[Exercise objective]: Where the word "proof" occurs in a line of the data, return the whole line.

[Records provided]:

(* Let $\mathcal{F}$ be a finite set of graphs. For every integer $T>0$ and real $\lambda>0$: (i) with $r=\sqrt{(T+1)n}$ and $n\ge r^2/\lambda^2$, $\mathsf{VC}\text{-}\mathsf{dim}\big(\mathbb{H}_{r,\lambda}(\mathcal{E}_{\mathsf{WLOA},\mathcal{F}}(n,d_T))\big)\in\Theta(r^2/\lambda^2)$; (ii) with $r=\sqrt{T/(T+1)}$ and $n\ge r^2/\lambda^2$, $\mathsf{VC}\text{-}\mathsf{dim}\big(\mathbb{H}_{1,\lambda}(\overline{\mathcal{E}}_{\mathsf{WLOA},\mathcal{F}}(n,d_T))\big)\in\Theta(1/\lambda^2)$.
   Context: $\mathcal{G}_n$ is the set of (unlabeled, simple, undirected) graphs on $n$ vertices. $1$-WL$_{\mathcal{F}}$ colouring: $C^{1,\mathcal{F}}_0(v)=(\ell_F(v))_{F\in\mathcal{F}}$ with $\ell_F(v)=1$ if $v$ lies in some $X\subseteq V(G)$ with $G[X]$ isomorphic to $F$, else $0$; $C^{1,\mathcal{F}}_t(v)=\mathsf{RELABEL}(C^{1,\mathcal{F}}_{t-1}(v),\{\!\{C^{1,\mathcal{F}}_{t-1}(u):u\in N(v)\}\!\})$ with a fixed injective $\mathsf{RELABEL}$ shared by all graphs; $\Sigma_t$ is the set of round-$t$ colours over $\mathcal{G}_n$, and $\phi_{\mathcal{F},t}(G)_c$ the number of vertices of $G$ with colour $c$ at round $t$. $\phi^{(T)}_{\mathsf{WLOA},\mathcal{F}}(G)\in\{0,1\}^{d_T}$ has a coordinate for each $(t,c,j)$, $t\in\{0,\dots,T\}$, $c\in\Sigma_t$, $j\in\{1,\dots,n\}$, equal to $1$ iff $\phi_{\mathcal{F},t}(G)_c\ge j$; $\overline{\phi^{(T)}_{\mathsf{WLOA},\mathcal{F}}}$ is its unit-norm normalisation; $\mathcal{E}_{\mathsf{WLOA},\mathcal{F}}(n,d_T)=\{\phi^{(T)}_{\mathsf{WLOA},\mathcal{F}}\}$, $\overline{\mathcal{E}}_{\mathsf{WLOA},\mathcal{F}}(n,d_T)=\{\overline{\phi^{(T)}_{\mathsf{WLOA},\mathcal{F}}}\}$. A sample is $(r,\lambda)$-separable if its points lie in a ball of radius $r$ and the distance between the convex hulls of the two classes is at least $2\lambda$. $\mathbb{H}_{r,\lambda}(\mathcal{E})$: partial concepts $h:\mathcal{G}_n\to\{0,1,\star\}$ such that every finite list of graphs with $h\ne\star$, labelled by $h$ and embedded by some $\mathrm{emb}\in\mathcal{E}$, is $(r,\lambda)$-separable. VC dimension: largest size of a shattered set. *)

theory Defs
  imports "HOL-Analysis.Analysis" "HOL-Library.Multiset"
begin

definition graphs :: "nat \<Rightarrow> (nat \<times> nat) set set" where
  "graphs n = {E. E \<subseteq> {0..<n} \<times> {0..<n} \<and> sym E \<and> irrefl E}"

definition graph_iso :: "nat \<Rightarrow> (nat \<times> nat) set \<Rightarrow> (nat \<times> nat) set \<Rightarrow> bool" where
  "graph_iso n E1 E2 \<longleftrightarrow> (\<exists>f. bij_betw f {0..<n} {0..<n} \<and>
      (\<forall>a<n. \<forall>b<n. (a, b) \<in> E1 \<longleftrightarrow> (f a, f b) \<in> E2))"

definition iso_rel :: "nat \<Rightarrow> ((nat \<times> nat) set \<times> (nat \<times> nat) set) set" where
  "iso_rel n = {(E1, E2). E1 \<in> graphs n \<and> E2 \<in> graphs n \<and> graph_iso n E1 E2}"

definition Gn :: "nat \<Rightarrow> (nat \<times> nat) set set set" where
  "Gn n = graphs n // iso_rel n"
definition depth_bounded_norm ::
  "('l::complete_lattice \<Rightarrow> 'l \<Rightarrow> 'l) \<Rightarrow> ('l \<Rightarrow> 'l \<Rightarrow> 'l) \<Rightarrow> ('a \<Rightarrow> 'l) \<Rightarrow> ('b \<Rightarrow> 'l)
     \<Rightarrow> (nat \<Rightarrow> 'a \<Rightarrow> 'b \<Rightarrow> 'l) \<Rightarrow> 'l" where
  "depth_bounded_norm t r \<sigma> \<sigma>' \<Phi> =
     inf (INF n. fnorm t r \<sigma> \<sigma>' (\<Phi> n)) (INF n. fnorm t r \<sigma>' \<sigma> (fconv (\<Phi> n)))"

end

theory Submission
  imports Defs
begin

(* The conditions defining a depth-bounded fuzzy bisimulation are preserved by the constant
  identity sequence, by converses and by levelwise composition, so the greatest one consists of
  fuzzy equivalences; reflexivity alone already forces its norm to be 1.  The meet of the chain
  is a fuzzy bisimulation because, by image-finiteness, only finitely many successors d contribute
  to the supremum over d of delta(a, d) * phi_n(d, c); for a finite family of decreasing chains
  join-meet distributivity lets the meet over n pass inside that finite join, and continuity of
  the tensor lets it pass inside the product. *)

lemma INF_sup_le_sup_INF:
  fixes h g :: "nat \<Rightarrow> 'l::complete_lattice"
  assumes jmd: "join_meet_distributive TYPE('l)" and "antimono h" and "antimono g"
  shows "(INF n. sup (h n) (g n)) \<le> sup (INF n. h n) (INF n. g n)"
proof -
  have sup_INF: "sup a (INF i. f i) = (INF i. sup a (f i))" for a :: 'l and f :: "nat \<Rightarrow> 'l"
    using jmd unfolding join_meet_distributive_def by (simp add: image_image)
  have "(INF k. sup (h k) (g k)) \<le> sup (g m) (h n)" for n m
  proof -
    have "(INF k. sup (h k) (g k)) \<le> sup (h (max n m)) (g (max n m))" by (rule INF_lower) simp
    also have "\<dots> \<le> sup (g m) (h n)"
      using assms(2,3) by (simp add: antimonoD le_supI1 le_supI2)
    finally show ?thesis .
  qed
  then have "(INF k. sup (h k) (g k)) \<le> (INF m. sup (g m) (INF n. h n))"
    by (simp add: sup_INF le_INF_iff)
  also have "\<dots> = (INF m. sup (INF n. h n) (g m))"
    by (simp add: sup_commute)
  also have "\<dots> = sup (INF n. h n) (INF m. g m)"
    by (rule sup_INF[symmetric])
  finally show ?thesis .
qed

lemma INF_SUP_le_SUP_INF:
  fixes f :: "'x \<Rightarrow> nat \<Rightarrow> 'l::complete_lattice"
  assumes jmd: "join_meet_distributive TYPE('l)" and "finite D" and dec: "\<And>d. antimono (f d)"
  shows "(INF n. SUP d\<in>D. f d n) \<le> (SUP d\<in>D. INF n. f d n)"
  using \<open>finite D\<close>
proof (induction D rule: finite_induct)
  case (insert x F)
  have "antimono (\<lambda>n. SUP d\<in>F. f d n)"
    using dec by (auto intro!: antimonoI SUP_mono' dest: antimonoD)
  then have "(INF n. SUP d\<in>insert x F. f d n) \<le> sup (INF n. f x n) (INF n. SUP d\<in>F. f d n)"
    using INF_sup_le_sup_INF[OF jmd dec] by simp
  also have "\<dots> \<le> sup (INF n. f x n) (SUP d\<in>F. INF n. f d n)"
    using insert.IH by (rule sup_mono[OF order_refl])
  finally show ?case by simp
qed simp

[Output]:
proof -
  proof -
proof (induction D rule: finite_induct)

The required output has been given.